The original plan was to use MLP but we kept getting ConvergenceWarning: Stochastic Optimizer: Maximum iterations (1000) reached and the optimization hasn't converged yet, so we gave up.

In [None]:
from sklearn.pipeline import make_pipeline
from sklearn.ensemble import GradientBoostingRegressor
from sklearn.model_selection import GridSearchCV
from sklearn.metrics import r2_score

# Create pipeline
pipe = make_pipeline(ct, GradientBoostingRegressor())

# Define parameter grid for GradientBoostingRegressor
param_grid = {
    'gradientboostingregressor__learning_rate': [0.5, 0.8, 1]  # learning rate
}

# Create GridSearchCV object
grid_search = GridSearchCV(
    estimator=pipe,
    param_grid=param_grid,
    cv=5,  # 5-fold cross-validation
    scoring='r2',
    n_jobs=-1,  # Use all available cores
    verbose=1
)

# Fit the grid search
grid_search.fit(X_train, y_train)

# Print best parameters and score
print("Best parameters:", grid_search.best_params_)
print("Best cross-validation score:", grid_search.best_score_)

# Make predictions with best model
y_pred = grid_search.predict(X_test)

# Calculate R2 score on test set
test_score = r2_score(y_test, y_pred)
print("Test set R2 score:", test_score)

# Add the result to the dataframe
results_list.append({'Model': 'Gradient Boosted Regression Tree', 'R2 Score': r2_score(y_test, y_pred)})


The result is not as good as KNN or Random Forest Regression.

In [None]:
import seaborn as sns
import matplotlib.pyplot as plt

# Create single plot
fig, ax = plt.subplots(figsize=(10, 6))

# Scatter plot with actual prices in blue
scatter_actual = ax.scatter(y_test, y_test, alpha=0.5, color='blue', label='Actual Prices')

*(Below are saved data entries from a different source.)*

lemma comb_ok_Phi:
  assumes N: "N > 0"
  shows "comb_ok (1 / real N) N (Phi N m)"
proof -
  have "x \<in> lattice (1 / real N)" if "Phi N m x \<noteq> 0" for x
  proof -
    obtain k :: int where "x = real m / real N + of_int k"
      using \<open>Phi N m x \<noteq> 0\<close> unfolding Phi_def by (auto split: if_splits)
    then have "x = 1 / real N * of_int (int m + k * int N)"
      using N by (simp add: field_simps)
    then show ?thesis
      unfolding lattice_def by blast
  qed
  moreover have "x + 1 \<in> range (\<lambda>k::int. real m / real N + of_int k) \<longleftrightarrow>
      x \<in> range (\<lambda>k::int. real m / real N + of_int k)" for x
  proof
    assume "x + 1 \<in> range (\<lambda>k::int. real m / real N + of_int k)"
    then obtain k :: int where "x + 1 = real m / real N + of_int k"
      by blast
    then have "x = real m / real N + of_int (k - 1)"
      by simp
    then show "x \<in> range (\<lambda>k::int. real m / real N + of_int k)"
      by blast
  next
    assume "x \<in> range (\<lambda>k::int. real m / real N + of_int k)"
    then obtain k :: int where "x = real m / real N + of_int k"
      by blast
    then have "x + 1 = real m / real N + of_int (k + 1)"
      by simp
    then show "x + 1 \<in> range (\<lambda>k::int. real m / real N + of_int k)"
      by blast
  qed
  ultimately show ?thesis
    using N unfolding comb_ok_iff by (simp add: Phi_def)
qed

theorem mainTheorem4:
  fixes N m :: nat and hbar :: real
  assumes "N > 0" and "even N" and "hbar = 1 / (2 * pi * real N)" and "m < N"
  shows "Xpow hbar (2 * pi * real N * hbar) (Fop hbar N (Phi N m)) = Fop hbar N (Phi N m)
       \<and> Ypow (2 * pi * real N * hbar) (Fop hbar N (Phi N m)) = Fop hbar N (Phi N m)"
proof -
  have unit: "2 * pi * real N * hbar = 1"
    using assms(1,3) by simp
  define g where "g = mom_factor hbar 1 (Phi N m)"
  have ok: "comb_ok (1 / real N) N (Phi N m)"
    using comb_ok_Phi[OF assms(1)] .
  have F: "Fop hbar N (Phi N m) = Sop (pos_factor hbar 1 g)"
    unfolding Fop_eq_factors unit g_def ..
  have "g x \<noteq> 0 \<Longrightarrow> x \<in> lattice (1 / real (2 * N))" for x
    unfolding g_def mom_factor_eq[OF assms(1,3) ok] by (auto split: if_splits)
  moreover have "g (x + 1/2) = cis (2 * pi * real N * x) * g x" for x
    unfolding g_def by (rule mom_factor_shift_half[OF assms(1,2,3) ok])
  ultimately have "pos_factor hbar 1 g x \<noteq> 0 \<Longrightarrow> x \<in> lattice (1 / real (2 * N))"
    and "pos_factor hbar 1 g (x + 1/2) = pos_factor hbar 1 g x" for x
    using pos_factor_shift_half[OF assms(1,2,3)]
    by (auto simp: pos_factor_def pos_proj_def Xpow_def setR_iff_not_setL split: if_splits)
  then show ?thesis
    unfolding unit F by (simp add: Xpow_Sop_eq_if_lattice[OF assms(1,3)] Ypow_Sop_eq_if_shift_half)
qed

end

# Scatter plot with predicted prices in red
scatter_pred = ax.scatter(y_test, y_pred, alpha=0.5, color='red', label='Predicted Prices')

# Perfect prediction line
ideal_line = ax.plot([y_test.min(), y_test.max()], 
                     [y_test.min(), y_test.max()], 
                     'k--', lw=2,
                     label='Perfect Predictions')

# Set axis limits and labels
ax.set_ylim(0, 10000)
ax.set_xlabel('Actual Price')
ax.set_ylabel('Price')
ax.set_title('Gradient Boosted Tree Regression: Actual vs Predicted Prices')

# Add legend
ax.legend()

plt.tight_layout()
plt.show()

### Conclusion

In [None]:
# Print out the results
# Format R2 Score to 4 decimal places
results_df = pd.DataFrame(results_list)
results_df['R2 Score'] = results_df['R2 Score'].apply(lambda x: f"{x:.4f}")
results_df

Linear Regression is not a good choice for our problem.

Random Forest Regression and K-NN Regression are both good models.

We recommend to use K-NN Regression for this problem. It performs better than Random Forest Regression and trains much faster.


The code to create scatter plot is modifed from code generated by ChatGPT with prompt: "Help me create a scatter plot to compare actual prices and predicted prices."